Chapter 8: Teleprompter / Optimizer - Your Program’s Coach

Welcome to Chapter 8! In Chapter 7: Evaluate, we learned how to grade our DSPy programs using metrics and datasets to see how well they perform. That’s great for knowing our score, but what if the score isn’t high enough?

Think about building our BasicQA program from the last chapter. Maybe we tried running it and found it only got 75% accuracy. How do we improve it?

Traditionally, we might start manually tweaking prompts:

  • “Maybe I should rephrase the instructions?”
  • “Should I add some examples (few-shot demonstrations)?”
  • “Which examples work best?”

This manual process, often called “prompt engineering,” can be slow, tedious, and requires a lot of guesswork. Wouldn’t it be amazing if DSPy could automatically figure out the best prompts and examples for us?

That’s exactly what Teleprompters (also called Optimizers) do! They are DSPy’s built-in automated prompt engineers and program tuners.

Think of a Teleprompter as a coach for your DSPy program (the ‘student’):

  • The coach observes how the student performs on practice drills (a dataset).
  • It uses feedback (a metric) to figure out weaknesses.
  • It suggests new strategies (better instructions, better examples) to improve performance.
  • It repeats this until the student performs much better!

In this chapter, we’ll learn:

  • What a Teleprompter is and the problem it solves.
  • The key ingredients needed to use a Teleprompter.
  • How to use a simple Teleprompter (BootstrapFewShot) to automatically find good few-shot examples.
  • The basic idea behind how Teleprompters optimize programs.

Let’s automate the improvement process!

What is a Teleprompter / Optimizer?

A Teleprompter in DSPy is an algorithm that takes your DSPy Program (the ‘student’) and automatically tunes its internal parameters to maximize performance on a given task. These parameters are most often:

  1. Instructions: The natural language guidance given to the Language Models (LM) within your program’s modules (like dspy.Predict).
  2. Few-Shot Examples (Demos): The dspy.Example objects provided in prompts to show the LM how to perform the task.

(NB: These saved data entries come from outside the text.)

(* Let $q\in\mathbb{N}$, $q>1$. For $P\ge2$, $N\ge1$ and integers $n>2$ let \[ \Delta_{P,N}^{(2,3)}(n)=\sum_{\substack{d,v\ge1:\ dv^2=n^2-4\\ p\mid v\Rightarrow p\le P}}\frac1v\sum_{\substack{l\ge1:\\ p\mid l\Rightarrow p\le P}}\frac{\chi_d(l)}{l}\big(e^{-l/N}-1\big), \] where $p$ denotes primes. Then for $P\ge2$ and $x,N\ge1$, \[ \Big(\frac1x\sum_{2<n\le x}\big|\Delta_{P,N}^{(2,3)}(n)\big|^{2q}\Big)^{1/(2q)}\ll N^{-1/2}+\sum_{\substack{l>\sqrt N:\\ p\mid l\Rightarrow p\le P}}\frac1l . \]
   Context: Sums over $d$ run over positive non-square discriminants, i.e. positive integers $d$, not perfect squares, with $d\equiv0,1\pmod4$; $v$ runs over positive integers. For such $d$, $\chi_d:\mathbb{Z}\to\{0,\pm1\}$ is the completely multiplicative function with: for odd primes $p$, $\chi_d(p)=0$ if $p\mid d$, $1$ if $p\nmid d$ and $x^2\equiv d\pmod p$ is solvable, $-1$ if insolvable; $\chi_d(2)=1,-1,0$ according as $d\equiv1\pmod 8$, $d\equiv5\pmod8$, $d\equiv0\pmod4$; $\chi_d(-1)=1$. *)

theory Defs
  imports "HOL-Analysis.Analysis" "HOL-Number_Theory.Number_Theory"
begin

definition is_disc :: "int \<Rightarrow> bool" where
  "is_disc d \<longleftrightarrow> d > 0 \<and> \<not> (\<exists>m::int. d = m^2) \<and> (d mod 4 = 0 \<or> d mod 4 = 1)"

definition chi_prime :: "int \<Rightarrow> nat \<Rightarrow> int" where
  "chi_prime d p =
     (if p = 2 then (if d mod 8 = 1 then 1 else if d mod 8 = 5 then -1 else 0)
      else if int p dvd d then 0
      else if QuadRes (int p) d then 1 else -1)"

definition chi :: "int \<Rightarrow> nat \<Rightarrow> int" where
  "chi d l = (if l = 0 then 0 else
     (\<Prod>p\<in>prime_factors l. chi_prime d p ^ multiplicity p l))"

definition smooth :: "real \<Rightarrow> nat \<Rightarrow> bool" where
  "smooth P l \<longleftrightarrow> (\<forall>p::nat. prime p \<longrightarrow> p dvd l \<longrightarrow> real p \<le> P)"

definition Delta23 :: "real \<Rightarrow> real \<Rightarrow> nat \<Rightarrow> real" where
  "Delta23 P N n =
     (\<Sum>v\<in>{v::nat. 0 < v \<and> int (v^2) dvd (int n^2 - 4) \<and> smooth P v
                    \<and> is_disc ((int n^2 - 4) div int (v^2))}.
        (1 / real v) *
        infsum (\<lambda>l::nat. real_of_int (chi ((int n^2 - 4) div int (v^2)) l) / real l
                          * (exp (- real l / N) - 1))
               {l. 0 < l \<and> smooth P l})"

Some advanced Teleprompters can even fine-tune the weights of the LM itself!

To work its magic, a Teleprompter needs three things (sound familiar? They’re similar to evaluation!):

  1. The Student Program: The DSPy program you want to improve.
  2. A Training Dataset (trainset): A list of dspy.Example objects (Chapter 3: Example) representing the task. The Teleprompter will use this data to practice and learn.
  3. A Metric Function (metric): The same kind of function we used in Chapter 7: Evaluate. It tells the Teleprompter how well the student program is doing on each example in the trainset.

The Teleprompter uses the metric to guide its search for better instructions or demos, trying different combinations and keeping the ones that yield the highest score on the trainset. The output is an optimized version of your student program.

Use Case: Automatically Finding Good Few-Shot Examples with BootstrapFewShot

Let’s revisit our BasicQA program and the evaluation setup from Chapter 7.

import dspy
from dspy.evaluate import Evaluate
# Assume LM is configured (e.g., dspy.settings.configure(lm=...))

# Our simple program
class BasicQA(dspy.Module):
    def __init__(self):
        super().__init__()
        self.predictor = dspy.Predict('question -> answer')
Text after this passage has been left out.